What you need to do: Output range, inclusive: from the line containing "w(1) by (simp add: comp_verts_def)" to the line containing "cut' by (simp add: comp_verts_def)". Restate those lines from the data below word for word and only those.

Given data:
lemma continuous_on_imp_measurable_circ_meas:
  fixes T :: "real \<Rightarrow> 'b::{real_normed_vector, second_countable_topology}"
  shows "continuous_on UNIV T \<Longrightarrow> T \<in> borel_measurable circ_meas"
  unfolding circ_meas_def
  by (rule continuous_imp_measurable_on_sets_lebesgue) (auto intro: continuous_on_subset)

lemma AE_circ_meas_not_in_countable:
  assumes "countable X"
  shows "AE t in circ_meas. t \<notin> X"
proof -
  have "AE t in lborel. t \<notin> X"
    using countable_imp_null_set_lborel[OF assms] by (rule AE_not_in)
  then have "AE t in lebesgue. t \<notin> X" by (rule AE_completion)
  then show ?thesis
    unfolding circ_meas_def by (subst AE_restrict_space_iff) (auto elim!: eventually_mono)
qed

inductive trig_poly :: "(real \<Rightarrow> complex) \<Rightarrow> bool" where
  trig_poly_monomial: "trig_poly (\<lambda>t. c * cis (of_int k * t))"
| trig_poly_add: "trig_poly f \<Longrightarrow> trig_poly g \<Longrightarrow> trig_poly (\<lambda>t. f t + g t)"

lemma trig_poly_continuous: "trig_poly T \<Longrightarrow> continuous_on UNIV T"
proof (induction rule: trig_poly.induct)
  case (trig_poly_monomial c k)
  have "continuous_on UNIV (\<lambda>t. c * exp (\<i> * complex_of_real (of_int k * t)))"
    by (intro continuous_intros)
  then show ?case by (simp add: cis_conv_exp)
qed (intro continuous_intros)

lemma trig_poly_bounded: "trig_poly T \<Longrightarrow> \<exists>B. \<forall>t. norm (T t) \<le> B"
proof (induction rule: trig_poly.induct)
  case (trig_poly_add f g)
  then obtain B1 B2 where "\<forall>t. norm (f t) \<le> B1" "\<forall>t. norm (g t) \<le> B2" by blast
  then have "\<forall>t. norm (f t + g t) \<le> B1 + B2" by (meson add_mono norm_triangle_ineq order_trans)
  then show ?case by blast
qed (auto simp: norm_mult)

...

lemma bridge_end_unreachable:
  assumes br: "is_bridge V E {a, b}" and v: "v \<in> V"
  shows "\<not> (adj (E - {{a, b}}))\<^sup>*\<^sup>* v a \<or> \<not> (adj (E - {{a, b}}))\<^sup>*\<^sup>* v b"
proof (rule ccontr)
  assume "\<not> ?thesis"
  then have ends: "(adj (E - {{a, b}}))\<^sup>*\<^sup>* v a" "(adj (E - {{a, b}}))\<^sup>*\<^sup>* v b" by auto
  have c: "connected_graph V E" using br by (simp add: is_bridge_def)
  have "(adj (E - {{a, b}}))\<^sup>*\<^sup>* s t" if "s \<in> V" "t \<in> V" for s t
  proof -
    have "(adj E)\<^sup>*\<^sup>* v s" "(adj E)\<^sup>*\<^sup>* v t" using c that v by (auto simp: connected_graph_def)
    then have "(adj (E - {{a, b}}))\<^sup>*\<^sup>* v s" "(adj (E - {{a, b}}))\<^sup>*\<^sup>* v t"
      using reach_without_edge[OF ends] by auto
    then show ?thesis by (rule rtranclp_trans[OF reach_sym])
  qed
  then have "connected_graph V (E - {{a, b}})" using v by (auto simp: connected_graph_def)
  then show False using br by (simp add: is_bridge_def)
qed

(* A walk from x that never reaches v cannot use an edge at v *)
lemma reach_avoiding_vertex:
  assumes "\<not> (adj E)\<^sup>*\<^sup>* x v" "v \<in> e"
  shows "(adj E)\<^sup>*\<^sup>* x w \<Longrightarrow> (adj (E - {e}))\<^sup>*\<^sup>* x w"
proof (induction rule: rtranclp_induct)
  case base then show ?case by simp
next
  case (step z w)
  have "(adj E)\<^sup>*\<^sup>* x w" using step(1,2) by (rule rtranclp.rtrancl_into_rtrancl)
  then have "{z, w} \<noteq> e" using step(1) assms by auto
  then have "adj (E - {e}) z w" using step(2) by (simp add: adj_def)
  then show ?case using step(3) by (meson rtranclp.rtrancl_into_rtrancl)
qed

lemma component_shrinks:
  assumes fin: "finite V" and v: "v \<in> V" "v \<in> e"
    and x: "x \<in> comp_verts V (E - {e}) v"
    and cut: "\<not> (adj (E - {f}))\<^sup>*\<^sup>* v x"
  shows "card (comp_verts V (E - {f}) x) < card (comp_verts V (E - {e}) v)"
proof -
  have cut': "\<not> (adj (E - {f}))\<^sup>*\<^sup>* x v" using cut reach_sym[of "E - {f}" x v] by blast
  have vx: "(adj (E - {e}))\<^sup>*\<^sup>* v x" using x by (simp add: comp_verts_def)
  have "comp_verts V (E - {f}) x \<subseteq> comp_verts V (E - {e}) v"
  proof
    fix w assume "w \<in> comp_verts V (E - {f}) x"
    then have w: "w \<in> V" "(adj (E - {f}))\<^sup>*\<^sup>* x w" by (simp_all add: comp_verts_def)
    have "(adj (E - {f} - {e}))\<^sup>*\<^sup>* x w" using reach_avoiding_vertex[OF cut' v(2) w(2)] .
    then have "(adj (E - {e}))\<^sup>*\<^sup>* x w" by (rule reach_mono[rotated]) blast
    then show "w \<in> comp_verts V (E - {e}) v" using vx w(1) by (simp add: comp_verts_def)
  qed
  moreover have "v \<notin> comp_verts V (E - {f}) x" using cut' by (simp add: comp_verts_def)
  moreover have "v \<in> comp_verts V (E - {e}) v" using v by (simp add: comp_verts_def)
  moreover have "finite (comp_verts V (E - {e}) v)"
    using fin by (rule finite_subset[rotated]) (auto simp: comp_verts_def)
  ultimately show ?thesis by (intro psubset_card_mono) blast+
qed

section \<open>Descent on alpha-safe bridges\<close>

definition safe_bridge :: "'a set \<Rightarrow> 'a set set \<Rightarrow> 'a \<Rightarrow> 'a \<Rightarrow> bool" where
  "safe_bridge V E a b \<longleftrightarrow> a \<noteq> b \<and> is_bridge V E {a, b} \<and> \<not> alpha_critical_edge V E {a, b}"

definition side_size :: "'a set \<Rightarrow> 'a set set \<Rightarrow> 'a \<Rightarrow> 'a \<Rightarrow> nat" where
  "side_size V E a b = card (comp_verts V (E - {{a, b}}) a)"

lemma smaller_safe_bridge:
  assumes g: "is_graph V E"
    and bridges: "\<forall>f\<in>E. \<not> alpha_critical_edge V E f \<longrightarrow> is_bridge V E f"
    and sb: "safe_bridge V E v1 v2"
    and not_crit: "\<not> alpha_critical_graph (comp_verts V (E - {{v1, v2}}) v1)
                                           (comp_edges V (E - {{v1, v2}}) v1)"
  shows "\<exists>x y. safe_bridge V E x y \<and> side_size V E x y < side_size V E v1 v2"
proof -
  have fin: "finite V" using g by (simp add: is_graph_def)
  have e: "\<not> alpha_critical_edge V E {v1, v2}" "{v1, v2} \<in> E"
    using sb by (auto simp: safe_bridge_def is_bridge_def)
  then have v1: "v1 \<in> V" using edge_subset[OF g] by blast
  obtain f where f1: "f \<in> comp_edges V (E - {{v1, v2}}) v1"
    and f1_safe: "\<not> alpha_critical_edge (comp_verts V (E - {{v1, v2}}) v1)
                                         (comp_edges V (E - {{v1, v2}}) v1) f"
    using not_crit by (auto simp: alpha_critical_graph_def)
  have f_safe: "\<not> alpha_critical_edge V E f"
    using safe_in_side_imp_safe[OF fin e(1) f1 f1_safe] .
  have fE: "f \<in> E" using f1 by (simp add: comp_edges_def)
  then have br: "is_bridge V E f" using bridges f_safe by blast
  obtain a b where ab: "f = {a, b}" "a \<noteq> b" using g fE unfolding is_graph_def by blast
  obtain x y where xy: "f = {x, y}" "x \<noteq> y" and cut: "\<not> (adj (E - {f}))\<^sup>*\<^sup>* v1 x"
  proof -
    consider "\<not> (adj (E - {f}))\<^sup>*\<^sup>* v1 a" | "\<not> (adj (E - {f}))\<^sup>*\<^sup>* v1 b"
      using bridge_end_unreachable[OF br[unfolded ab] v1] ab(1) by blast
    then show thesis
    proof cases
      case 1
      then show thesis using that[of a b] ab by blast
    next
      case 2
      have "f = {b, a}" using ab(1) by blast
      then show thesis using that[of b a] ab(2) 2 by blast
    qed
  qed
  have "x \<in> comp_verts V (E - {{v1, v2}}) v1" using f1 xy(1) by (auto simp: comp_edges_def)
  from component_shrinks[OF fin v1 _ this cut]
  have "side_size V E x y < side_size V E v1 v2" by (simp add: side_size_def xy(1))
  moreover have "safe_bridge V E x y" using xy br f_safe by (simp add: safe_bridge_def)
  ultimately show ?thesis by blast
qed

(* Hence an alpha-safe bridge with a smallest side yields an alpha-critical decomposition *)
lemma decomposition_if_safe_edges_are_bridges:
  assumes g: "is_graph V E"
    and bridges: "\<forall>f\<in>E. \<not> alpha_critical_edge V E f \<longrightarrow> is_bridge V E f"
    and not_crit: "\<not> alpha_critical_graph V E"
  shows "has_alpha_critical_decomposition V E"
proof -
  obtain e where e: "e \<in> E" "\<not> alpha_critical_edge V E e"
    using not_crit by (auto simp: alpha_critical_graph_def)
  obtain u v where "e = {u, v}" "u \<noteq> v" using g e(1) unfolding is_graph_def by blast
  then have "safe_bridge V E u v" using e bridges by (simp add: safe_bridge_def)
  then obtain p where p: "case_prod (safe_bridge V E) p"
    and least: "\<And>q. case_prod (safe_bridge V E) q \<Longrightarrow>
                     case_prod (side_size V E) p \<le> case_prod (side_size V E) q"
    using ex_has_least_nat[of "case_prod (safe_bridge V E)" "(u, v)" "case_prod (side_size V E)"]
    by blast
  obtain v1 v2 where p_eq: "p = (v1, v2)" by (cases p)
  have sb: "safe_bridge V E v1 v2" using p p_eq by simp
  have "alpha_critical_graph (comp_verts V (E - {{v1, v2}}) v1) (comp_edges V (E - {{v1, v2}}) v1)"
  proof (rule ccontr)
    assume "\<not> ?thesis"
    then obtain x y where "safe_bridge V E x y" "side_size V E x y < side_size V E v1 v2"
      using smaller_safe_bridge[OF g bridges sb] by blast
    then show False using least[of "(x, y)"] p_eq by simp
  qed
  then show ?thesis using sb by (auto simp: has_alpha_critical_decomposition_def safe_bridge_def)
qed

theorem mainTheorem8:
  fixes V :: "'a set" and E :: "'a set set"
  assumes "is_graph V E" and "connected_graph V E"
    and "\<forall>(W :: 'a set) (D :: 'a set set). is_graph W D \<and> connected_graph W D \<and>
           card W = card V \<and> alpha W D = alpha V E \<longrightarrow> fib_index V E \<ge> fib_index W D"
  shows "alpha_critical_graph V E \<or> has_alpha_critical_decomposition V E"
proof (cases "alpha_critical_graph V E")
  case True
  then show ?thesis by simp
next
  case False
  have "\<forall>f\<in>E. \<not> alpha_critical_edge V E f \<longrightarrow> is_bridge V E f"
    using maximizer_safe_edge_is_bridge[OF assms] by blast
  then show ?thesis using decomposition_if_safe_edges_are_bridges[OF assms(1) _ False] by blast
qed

...

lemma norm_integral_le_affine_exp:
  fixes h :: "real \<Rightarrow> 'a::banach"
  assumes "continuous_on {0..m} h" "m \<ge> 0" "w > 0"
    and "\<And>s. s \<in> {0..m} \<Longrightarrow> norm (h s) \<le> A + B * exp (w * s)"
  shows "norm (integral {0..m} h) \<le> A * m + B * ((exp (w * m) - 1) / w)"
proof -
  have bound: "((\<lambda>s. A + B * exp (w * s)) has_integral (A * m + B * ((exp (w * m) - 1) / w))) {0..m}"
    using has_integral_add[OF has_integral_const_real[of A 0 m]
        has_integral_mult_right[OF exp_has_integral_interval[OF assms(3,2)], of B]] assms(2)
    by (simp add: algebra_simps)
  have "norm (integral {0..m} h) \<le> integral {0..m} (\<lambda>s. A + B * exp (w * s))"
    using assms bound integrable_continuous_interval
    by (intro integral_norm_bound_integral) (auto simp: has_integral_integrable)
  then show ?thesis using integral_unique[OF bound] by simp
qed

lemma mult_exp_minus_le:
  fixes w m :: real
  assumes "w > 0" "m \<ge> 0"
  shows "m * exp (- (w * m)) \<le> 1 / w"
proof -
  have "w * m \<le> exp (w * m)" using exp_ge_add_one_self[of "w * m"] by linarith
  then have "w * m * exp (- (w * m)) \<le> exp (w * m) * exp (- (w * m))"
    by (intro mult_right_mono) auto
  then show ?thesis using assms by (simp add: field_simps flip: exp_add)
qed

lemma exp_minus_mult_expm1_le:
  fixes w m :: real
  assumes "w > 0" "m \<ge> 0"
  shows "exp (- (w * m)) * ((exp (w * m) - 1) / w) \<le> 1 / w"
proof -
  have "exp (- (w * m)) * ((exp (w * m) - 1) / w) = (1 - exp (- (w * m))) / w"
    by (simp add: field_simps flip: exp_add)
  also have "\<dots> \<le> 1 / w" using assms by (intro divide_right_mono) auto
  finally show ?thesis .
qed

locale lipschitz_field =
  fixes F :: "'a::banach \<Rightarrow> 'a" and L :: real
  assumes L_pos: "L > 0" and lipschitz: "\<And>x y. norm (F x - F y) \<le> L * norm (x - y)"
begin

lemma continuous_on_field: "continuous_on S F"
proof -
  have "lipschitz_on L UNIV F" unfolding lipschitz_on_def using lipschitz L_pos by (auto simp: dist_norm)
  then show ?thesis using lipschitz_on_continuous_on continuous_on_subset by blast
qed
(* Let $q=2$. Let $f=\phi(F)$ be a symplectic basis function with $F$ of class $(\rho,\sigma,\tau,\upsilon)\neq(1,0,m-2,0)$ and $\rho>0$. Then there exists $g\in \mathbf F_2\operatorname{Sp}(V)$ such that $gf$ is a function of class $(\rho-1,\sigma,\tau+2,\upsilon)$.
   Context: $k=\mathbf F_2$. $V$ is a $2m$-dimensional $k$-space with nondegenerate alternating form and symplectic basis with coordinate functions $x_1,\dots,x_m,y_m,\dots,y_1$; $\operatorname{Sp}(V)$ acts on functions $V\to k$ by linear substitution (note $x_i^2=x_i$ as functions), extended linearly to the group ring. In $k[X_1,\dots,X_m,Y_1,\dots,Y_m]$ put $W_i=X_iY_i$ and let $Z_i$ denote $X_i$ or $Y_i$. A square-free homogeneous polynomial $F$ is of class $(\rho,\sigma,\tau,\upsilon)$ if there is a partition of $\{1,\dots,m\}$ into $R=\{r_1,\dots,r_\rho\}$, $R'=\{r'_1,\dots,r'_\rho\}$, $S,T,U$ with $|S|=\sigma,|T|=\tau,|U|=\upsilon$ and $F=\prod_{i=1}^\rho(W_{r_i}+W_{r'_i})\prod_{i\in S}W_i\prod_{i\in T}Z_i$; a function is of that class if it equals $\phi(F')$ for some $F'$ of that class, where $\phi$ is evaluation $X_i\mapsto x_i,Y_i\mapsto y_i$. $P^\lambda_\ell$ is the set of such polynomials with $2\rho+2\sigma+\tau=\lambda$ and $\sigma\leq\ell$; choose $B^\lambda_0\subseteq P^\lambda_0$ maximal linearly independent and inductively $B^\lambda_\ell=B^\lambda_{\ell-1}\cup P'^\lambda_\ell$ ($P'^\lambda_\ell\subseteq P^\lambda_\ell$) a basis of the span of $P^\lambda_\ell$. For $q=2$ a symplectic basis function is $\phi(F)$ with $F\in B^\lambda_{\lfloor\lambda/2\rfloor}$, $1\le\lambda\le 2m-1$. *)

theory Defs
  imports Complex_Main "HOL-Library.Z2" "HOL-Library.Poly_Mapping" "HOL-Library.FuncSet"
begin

Response to this exercise:
    then show "w \<in> comp_verts V (E - {e}) v" using vx w(1) by (simp add: comp_verts_def)
  qed
  moreover have "v \<notin> comp_verts V (E - {f}) x" using cut' by (simp add: comp_verts_def)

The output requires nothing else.